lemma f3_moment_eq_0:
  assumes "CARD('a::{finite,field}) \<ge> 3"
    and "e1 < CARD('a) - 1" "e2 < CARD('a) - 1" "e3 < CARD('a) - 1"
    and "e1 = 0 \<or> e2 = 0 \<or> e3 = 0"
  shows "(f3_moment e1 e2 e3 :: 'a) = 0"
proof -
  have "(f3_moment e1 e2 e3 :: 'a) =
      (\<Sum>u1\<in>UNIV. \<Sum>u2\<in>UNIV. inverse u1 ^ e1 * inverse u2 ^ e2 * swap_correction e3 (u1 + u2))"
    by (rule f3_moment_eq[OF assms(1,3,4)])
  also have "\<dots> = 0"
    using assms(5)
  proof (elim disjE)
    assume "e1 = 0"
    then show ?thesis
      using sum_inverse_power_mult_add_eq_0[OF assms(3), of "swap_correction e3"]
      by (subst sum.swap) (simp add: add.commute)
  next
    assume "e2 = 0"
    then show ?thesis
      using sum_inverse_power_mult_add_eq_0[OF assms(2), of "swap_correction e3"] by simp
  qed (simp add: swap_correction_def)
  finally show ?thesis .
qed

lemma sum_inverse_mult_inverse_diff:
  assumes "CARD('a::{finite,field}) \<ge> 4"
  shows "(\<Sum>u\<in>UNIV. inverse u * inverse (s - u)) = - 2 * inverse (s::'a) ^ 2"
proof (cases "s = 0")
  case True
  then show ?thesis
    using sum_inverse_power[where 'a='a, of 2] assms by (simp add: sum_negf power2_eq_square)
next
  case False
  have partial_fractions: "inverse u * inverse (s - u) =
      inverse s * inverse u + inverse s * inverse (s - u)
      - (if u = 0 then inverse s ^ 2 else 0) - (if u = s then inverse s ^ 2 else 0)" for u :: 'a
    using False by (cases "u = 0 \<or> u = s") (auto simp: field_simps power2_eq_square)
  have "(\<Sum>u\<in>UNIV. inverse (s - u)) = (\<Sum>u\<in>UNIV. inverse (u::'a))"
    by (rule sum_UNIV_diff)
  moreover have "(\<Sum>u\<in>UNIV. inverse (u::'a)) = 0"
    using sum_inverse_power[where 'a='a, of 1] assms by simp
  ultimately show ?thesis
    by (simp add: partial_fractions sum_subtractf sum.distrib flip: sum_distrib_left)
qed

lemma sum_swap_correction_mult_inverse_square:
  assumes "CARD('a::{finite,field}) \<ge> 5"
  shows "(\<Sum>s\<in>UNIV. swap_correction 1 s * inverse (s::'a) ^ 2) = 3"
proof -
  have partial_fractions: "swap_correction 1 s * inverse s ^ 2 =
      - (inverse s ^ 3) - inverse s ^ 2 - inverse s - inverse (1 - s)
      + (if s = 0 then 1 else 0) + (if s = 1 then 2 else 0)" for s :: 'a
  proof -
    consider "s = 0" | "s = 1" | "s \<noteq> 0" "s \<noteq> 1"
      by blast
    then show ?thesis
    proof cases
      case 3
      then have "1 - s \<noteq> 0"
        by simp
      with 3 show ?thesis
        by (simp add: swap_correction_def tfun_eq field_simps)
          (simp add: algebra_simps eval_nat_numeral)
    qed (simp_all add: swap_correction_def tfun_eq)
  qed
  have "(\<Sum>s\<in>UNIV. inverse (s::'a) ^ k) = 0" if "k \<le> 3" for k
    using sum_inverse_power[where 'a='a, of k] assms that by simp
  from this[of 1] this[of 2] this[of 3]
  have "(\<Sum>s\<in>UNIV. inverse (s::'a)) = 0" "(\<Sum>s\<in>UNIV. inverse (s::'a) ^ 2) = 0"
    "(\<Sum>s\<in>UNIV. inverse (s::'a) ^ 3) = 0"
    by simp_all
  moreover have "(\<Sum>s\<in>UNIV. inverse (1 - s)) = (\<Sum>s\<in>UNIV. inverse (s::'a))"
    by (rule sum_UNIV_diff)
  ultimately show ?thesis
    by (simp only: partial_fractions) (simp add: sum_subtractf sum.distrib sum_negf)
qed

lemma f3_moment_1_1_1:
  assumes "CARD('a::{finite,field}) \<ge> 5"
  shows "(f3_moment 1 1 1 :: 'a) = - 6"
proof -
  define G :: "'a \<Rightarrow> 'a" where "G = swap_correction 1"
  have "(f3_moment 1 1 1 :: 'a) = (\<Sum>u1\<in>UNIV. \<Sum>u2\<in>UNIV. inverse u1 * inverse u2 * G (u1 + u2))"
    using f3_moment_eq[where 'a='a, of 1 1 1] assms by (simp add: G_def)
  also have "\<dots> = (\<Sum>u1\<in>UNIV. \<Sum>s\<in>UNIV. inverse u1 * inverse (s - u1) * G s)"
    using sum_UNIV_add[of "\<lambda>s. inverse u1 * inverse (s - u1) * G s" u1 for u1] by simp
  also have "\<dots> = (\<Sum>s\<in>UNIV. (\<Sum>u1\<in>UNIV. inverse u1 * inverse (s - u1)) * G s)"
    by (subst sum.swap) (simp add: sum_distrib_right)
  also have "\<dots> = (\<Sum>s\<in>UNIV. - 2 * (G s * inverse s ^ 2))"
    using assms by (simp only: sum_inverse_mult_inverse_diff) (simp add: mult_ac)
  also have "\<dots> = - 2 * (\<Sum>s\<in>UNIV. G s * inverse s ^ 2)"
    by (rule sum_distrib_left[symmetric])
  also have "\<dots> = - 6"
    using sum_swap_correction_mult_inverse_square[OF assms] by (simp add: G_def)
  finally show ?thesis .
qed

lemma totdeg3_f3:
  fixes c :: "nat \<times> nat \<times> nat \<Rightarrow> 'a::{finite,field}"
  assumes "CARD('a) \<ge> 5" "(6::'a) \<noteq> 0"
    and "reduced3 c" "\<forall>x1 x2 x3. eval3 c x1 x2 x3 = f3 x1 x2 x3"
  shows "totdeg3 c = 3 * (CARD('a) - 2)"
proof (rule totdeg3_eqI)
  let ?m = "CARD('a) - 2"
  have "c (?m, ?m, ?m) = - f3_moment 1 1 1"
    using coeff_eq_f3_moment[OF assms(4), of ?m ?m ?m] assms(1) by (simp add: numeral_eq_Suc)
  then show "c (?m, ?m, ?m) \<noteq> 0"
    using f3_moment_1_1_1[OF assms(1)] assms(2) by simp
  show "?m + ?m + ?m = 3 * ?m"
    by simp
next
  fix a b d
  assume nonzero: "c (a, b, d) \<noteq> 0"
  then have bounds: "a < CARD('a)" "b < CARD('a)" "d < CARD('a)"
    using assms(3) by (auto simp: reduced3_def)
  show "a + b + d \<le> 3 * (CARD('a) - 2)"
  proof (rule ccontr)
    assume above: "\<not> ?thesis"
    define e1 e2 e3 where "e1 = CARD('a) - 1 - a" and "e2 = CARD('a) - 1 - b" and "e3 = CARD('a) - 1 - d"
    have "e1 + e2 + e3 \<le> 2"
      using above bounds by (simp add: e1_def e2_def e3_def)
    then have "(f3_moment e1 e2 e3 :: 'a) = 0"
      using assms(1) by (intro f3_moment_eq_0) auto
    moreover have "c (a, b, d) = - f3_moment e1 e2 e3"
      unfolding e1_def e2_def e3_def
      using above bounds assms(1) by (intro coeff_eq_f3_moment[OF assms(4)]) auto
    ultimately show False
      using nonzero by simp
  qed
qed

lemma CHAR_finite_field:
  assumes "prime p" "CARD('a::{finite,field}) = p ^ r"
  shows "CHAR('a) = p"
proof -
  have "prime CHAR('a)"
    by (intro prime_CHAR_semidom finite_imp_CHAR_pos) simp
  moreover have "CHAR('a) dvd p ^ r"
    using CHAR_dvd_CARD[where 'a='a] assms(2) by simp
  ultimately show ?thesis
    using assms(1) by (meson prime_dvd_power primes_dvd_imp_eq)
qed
* * * * *
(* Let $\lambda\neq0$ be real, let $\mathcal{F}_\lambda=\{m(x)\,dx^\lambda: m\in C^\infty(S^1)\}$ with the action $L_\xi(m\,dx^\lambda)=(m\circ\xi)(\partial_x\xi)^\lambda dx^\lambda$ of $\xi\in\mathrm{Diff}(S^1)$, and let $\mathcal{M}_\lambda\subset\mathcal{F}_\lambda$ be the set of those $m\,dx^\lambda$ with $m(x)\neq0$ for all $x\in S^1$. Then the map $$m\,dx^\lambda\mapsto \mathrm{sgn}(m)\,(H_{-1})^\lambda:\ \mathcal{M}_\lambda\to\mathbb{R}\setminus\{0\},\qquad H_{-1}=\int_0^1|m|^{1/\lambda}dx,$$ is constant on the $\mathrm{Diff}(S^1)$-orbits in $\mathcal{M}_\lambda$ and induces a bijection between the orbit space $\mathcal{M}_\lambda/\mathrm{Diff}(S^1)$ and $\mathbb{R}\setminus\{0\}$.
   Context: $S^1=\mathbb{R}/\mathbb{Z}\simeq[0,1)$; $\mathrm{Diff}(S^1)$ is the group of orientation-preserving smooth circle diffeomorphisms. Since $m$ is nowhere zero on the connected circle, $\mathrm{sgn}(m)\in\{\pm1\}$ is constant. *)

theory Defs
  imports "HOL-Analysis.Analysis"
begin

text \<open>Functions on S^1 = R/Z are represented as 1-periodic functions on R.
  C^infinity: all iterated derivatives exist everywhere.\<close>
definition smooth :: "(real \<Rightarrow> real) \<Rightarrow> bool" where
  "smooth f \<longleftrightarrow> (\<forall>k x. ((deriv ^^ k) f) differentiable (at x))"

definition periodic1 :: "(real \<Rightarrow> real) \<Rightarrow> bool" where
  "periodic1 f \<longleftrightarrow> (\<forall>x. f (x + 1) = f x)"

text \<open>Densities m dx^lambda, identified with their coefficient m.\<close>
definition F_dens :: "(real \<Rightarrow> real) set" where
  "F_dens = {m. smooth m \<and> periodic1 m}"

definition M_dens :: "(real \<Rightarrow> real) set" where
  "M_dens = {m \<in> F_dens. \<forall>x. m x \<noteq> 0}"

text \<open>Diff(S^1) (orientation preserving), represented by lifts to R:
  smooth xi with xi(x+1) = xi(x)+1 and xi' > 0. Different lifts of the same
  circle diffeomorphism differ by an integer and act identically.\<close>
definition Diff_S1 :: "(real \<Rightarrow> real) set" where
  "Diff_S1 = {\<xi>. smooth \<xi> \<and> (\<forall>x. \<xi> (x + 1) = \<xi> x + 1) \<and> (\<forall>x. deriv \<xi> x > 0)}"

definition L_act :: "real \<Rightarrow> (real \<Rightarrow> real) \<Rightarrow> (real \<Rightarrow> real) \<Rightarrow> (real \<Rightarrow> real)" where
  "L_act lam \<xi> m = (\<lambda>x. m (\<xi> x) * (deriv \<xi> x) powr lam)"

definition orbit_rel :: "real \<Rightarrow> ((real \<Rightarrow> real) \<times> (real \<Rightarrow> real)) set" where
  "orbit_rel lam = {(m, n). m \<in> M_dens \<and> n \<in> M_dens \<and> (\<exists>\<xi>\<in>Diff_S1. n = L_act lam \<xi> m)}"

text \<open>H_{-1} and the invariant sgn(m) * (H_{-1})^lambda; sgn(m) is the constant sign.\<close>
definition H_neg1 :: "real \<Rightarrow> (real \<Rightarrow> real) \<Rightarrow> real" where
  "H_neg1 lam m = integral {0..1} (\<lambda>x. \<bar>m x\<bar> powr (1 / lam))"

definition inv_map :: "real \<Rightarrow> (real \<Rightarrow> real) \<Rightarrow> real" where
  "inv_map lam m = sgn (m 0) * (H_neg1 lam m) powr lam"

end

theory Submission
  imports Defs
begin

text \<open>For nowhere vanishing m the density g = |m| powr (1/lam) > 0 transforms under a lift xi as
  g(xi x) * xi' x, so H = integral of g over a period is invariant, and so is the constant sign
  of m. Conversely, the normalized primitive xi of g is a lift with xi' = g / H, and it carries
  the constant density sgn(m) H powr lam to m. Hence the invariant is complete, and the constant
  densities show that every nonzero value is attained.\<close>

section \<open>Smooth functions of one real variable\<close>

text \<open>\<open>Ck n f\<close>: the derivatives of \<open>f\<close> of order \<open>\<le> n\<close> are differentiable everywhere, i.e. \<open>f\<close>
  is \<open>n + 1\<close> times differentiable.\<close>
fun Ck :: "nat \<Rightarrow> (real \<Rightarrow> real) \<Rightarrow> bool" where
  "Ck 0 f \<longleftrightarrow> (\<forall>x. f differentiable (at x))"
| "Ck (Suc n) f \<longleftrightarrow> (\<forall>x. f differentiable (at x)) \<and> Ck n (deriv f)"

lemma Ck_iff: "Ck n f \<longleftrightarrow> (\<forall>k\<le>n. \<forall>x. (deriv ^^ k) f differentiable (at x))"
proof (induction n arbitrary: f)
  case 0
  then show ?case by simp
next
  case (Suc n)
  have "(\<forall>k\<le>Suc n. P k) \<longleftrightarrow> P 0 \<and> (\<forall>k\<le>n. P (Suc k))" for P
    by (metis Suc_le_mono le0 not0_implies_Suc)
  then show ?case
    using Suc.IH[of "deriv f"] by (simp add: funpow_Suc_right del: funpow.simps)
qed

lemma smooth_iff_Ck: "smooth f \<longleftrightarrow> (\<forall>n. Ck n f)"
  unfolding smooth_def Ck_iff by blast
* * * * *
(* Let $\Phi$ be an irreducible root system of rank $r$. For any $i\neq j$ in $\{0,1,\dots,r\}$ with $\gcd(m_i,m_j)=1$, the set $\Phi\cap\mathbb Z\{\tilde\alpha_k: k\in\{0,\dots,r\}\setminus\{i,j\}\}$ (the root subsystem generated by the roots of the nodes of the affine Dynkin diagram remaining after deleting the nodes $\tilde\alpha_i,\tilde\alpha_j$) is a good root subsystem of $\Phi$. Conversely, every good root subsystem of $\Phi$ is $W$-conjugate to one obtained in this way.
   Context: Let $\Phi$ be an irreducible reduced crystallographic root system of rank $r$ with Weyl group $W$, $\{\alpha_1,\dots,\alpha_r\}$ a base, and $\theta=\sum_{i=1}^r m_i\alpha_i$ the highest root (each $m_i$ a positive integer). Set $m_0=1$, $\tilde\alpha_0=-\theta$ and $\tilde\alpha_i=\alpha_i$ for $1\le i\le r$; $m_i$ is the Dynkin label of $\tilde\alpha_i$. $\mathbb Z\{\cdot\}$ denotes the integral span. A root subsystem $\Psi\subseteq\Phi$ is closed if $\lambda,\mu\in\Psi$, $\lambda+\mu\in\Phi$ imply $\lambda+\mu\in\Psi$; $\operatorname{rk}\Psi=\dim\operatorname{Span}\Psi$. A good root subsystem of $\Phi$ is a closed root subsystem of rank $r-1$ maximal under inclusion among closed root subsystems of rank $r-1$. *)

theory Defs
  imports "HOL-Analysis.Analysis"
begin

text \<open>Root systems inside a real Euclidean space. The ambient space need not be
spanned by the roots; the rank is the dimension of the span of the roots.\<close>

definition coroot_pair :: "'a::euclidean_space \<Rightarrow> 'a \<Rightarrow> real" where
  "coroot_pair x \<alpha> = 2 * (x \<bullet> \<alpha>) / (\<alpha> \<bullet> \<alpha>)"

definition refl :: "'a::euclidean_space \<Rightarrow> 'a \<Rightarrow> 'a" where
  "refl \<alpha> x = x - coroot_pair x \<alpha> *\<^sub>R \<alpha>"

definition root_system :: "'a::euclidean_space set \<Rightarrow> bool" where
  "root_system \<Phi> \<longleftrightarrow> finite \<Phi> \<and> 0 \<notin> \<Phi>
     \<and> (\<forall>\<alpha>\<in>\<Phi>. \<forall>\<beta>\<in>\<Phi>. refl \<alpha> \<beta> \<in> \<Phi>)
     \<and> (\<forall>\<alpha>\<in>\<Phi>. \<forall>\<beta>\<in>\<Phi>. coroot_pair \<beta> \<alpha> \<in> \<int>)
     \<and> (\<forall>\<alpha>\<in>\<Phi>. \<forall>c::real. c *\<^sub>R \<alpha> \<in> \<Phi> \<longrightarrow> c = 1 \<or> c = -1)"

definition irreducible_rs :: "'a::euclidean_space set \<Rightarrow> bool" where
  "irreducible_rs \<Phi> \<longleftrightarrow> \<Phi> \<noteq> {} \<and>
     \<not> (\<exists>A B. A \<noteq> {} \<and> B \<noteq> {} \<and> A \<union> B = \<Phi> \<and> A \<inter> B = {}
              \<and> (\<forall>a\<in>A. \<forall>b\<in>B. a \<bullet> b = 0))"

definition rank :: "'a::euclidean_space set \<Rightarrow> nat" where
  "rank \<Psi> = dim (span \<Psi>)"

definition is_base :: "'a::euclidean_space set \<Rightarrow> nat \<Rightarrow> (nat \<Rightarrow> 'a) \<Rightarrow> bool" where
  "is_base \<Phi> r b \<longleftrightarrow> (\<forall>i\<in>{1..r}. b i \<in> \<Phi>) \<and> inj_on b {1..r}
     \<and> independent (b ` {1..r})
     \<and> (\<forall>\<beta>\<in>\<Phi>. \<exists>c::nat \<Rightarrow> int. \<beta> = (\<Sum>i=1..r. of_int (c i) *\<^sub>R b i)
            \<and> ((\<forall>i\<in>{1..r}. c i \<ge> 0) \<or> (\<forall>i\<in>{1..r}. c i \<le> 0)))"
* * * * *
All lines in the records with the string "beta" should be copied out.

REPLY:
     \<and> (\<forall>\<alpha>\<in>\<Phi>. \<forall>\<beta>\<in>\<Phi>. refl \<alpha> \<beta> \<in> \<Phi>)
     \<and> (\<forall>\<alpha>\<in>\<Phi>. \<forall>\<beta>\<in>\<Phi>. coroot_pair \<beta> \<alpha> \<in> \<int>)
     \<and> (\<forall>\<beta>\<in>\<Phi>. \<exists>c::nat \<Rightarrow> int. \<beta> = (\<Sum>i=1..r. of_int (c i) *\<^sub>R b i)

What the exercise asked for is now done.